The Johnson Research Foundation, Department of Biochemistry and Biophysics, School of Medicine, University of Pennsylvania, Philadelphia, Pennsylvania 19104-6059, USA

Reprint requests to: Dr. William F. DeGrado, 1009B Stellar-Chance Bldg., University of Pennsylvania, Philadelphia PA 19104-6059, USA; e-mail: wdegrado{at}mail.med.upenn.edu; fax: (215) 573-7229.
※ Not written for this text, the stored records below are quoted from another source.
lemma holo_at_fst [simp]: "holo_at fst p"
  unfolding holo_at_def
  by (intro exI[of _ 1] exI[of _ 0]) (simp add: has_derivative_fst[OF has_derivative_ident])

lemma holo_at_snd [simp]: "holo_at snd p"
  unfolding holo_at_def
  by (intro exI[of _ 0] exI[of _ 1]) (simp add: has_derivative_snd[OF has_derivative_ident])

lemma holo_at_add:
  assumes "holo_at f p" "holo_at g p"
  shows "holo_at (\<lambda>q. f q + g q) p"
proof -
  obtain a1 a2 b1 b2 where
    "(f has_derivative (\<lambda>h. a1 * fst h + a2 * snd h)) (at p)"
    "(g has_derivative (\<lambda>h. b1 * fst h + b2 * snd h)) (at p)"
    using assms unfolding holo_at_def by blast
  from has_derivative_add[OF this] show ?thesis
    by (rule holo_atI[of _ _ _ "a1 + b1" "a2 + b2"]) (simp add: algebra_simps)
qed

lemma holo_at_mult:
  assumes "holo_at f p" "holo_at g p"
  shows "holo_at (\<lambda>q. f q * g q) p"
proof -
  obtain a1 a2 b1 b2 where
    "(f has_derivative (\<lambda>h. a1 * fst h + a2 * snd h)) (at p)"
    "(g has_derivative (\<lambda>h. b1 * fst h + b2 * snd h)) (at p)"
    using assms unfolding holo_at_def by blast
  from has_derivative_mult[OF this] show ?thesis
    by (rule holo_atI[of _ _ _ "f p * b1 + a1 * g p" "f p * b2 + a2 * g p"])
       (simp add: algebra_simps)
qed

lemma holo_at_compose:
  assumes "(h has_field_derivative d) (at (f p))" "holo_at f p"
  shows "holo_at (\<lambda>q. h (f q)) p"
proof -
  obtain a1 a2 where "(f has_derivative (\<lambda>h. a1 * fst h + a2 * snd h)) (at p)"
    using assms(2) unfolding holo_at_def by blast
  from has_derivative_compose[OF this assms(1)[unfolded has_field_derivative_def]]
  show ?thesis
    by (rule holo_atI[of _ _ _ "d * a1" "d * a2"]) (simp add: algebra_simps)
qed

lemma holo_at_uminus: "holo_at f p \<Longrightarrow> holo_at (\<lambda>q. - f q) p"
  by (rule holo_at_compose[OF DERIV_minus[OF DERIV_ident]])

lemma holo_at_diff: "holo_at f p \<Longrightarrow> holo_at g p \<Longrightarrow> holo_at (\<lambda>q. f q - g q) p"
  using holo_at_add[of f p "\<lambda>q. - g q"] holo_at_uminus[of g p] by simp

lemma holo_at_power: "holo_at f p \<Longrightarrow> holo_at (\<lambda>q. f q ^ n) p"
  by (rule holo_at_compose[OF DERIV_power[OF DERIV_ident]])

lemma holo_at_divide:
  assumes "holo_at f p" "holo_at g p" "g p \<noteq> 0"
  shows "holo_at (\<lambda>q. f q / g q) p"
  using holo_at_mult[OF assms(1) holo_at_compose[OF DERIV_inverse[OF assms(3)] assms(2)]]
  by (simp add: divide_inverse)

lemma holo_at_csqrt: "holo_at f p \<Longrightarrow> 0 < Re (f p) \<Longrightarrow> holo_at (\<lambda>q. csqrt (f q)) p"
  by (rule holo_at_compose[OF has_field_derivative_csqrt]) (auto simp: complex_nonpos_Reals_iff)

lemmas holo_at_intros =
  holo_at_const holo_at_fst holo_at_snd holo_at_add holo_at_mult holo_at_uminus holo_at_diff
  holo_at_power holo_at_divide

lemma holo_at_field_differentiable_lines:
  assumes "holo_at f (x, y)"
  shows "(\<lambda>t. f (t, y)) field_differentiable at x" "(\<lambda>t. f (x, t)) field_differentiable at y"
proof -
  obtain c1 c2 where f: "(f has_derivative (\<lambda>h. c1 * fst h + c2 * snd h)) (at (x, y))"
    using assms unfolding holo_at_def by blast
  have "((\<lambda>t. (t, y)) has_derivative (\<lambda>h. (h, 0))) (at x)"
       "((\<lambda>t. (x, t)) has_derivative (\<lambda>h. (0, h))) (at y)"
    by (auto intro!: derivative_eq_intros)
  from this[THEN has_derivative_compose, OF f]
  have "((\<lambda>t. f (t, y)) has_field_derivative c1) (at x)"
       "((\<lambda>t. f (x, t)) has_field_derivative c2) (at y)"
    by (simp_all add: has_field_derivative_def)
  then show "(\<lambda>t. f (t, y)) field_differentiable at x" "(\<lambda>t. f (x, t)) field_differentiable at y"
    by (auto simp: field_differentiable_def)
qed

lemma eventually_nhds_coordinate_lines:
  assumes "open V" "(x, y) \<in> V"
  shows "\<forall>\<^sub>F t in nhds x. (t, y) \<in> V" "\<forall>\<^sub>F t in nhds y. (x, t) \<in> V"
  using topological_tendstoD[OF tendsto_Pair[OF filterlim_ident tendsto_const] assms]
        topological_tendstoD[OF tendsto_Pair[OF tendsto_const filterlim_ident] assms]
  by simp_all

lemma pd_cong_open:
  assumes "open V" "p \<in> V" "\<And>q. q \<in> V \<Longrightarrow> f q = g q"
  shows "pd i f p = pd i g p"
proof -
  obtain x y where p: "p = (x, y)" by fastforce
  note lines = eventually_nhds_coordinate_lines[OF assms(1) assms(2)[unfolded p]]
  have "\<forall>\<^sub>F t in nhds x. f (t, y) = g (t, y)" "\<forall>\<^sub>F t in nhds y. f (x, t) = g (x, t)"
    using lines by (auto elim!: eventually_mono intro: assms(3))
  then show ?thesis
    unfolding pd_def p by (simp add: deriv_cong_ev)
qed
DF1 is a small, idealized model for carboxylate-bridged diiron proteins. This protein was designed to form a dimeric four-helix bundle with a dimetal ion-binding site near the center of the structure, and its crystal structure has confirmed that it adopts the intended conformation. However, the protein showed limited solubility in aqueous buffer, and access to its active site was blocked by two hydrophobic side chains. The sequence of DF1 has now been modified to provide a very soluble protein (DF2) that binds metal ions in a rapid and reversible manner. Furthermore, the DF2 protein shows significant ferroxidase activity, suggesting that its dimetal center is accessible to oxygen. The affinity of DF2 for various first-row divalent cations deviates from the Irving–Willliams series, suggesting that its structure imparts significant geometric preferences on the metal ion-binding site. Furthermore, in the absence of metal ions, the protein folds into a dimer with concomitant binding of two protons. The uptake of two protons is expected if the structure of the apo-protein is similar to that of the crystal structure of dizinc DF1. Thus, this result suggests that the active site of DF2 is retained in the absence of metal ions.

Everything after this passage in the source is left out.